Pneumocystis jiroveci pneumonia (PCP) is the most common opportunistic infection in patients with human immunodeficiency virus (HIV)1. PCP can also affect patients with autoimmune diseases [e.g., systemic lupus erythematosus (SLE), Wegener’s granulomatosis (WG), rheumatoid arthritis (RA), and inflammatory bowel disease] as well as hematological malignancies, organ transplants, and those receiving longterm immunosuppression. In the HIV population, the significant morbidity and mortality of PCP led to the development of specific guidelines for prevention, which has resulted in a dramatic reduction in the incidence of PCP. Similar guidelines for PCP prophylaxis have been developed for patients with organ transplants and undergoing cancer treatment2,3.
The absolute incidence and need for chemoprophylaxis in patients with autoimmune diseases has not been well defined, and there are currently no consensus guidelines for PCP prophylaxis. This is due at least in part to a lack of clinical studies in patients with rheumatic diseases. The lack of consensus has led to significant differences in the use of PCP prophylaxis among rheumatologists, as highlighted in a study in this issue by Cettomai, et al4.

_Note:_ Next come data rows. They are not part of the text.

text \<open>Connection is the equivalence closure of the step relation "y indexes the basis element
  that a product of basis elements involving x is a nonzero multiple of". Hence a product
  with one argument in the span of a class lands in the span of that class; multilinearity
  extends this from basis elements to V_\<alpha> and A_\<beta>, giving k-submodules and ideals, and the
  direct sums come from partitioning the bases along the classes. A nonzero product
  [v_i1, ..., e_j(k+1), ...] links both i1 and j(k+1) to the index of its value, so they
  lie in one class. Therefore \<Omega>'_V = \<Omega>'_A, a class \<alpha> in it pairs nontrivially only with
  A_\<alpha>, and the identity is the required bijection.\<close>

section \<open>Multilinear maps and bases\<close>

lemma multilinear_slot_subspace:
  assumes "vector_space s" "vector_space t" and ml: "multilinear s t m f"
    and T: "module.subspace t T" and ws: "length ws = m" and p: "p < m"
  shows "module.subspace s {x. f (ws[p := x]) \<in> T}"
proof -
  interpret s: vector_space s by fact
  interpret t: vector_space t by fact
  have add: "f (ws[p := x + y]) = f (ws[p := x]) + f (ws[p := y])"
    and scale: "f (ws[p := s c x]) = t c (f (ws[p := x]))" for x y c
    using ml ws p unfolding multilinear_def by blast+
  have "f (ws[p := 0]) = t 0 (f (ws[p := 0]))"
    using scale[of 0 0] by simp
  then have "f (ws[p := 0]) = 0" by simp
  then show ?thesis
    using add scale t.subspace_0[OF T] t.subspace_add[OF T] t.subspace_scale[OF T]
    by (intro s.subspaceI) auto
qed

The requirement for PCP prophylaxis is based on a risk-benefit assessment taking into consideration several important issues: (1) the incidence of PCP in the specific population (disease and/or immunosuppressive regimen); (2) the morbidity and/or mortality associated with PCP; and (3) the adverse effect profile of the chosen prophylactic regimen. Whether other key clinical and/or laboratory risk factors can help define who should receive PCP prophylaxis and whether the risk-benefit assessment falls in favor of prophylaxis has not been adequately addressed in patients with rheumatic diseases.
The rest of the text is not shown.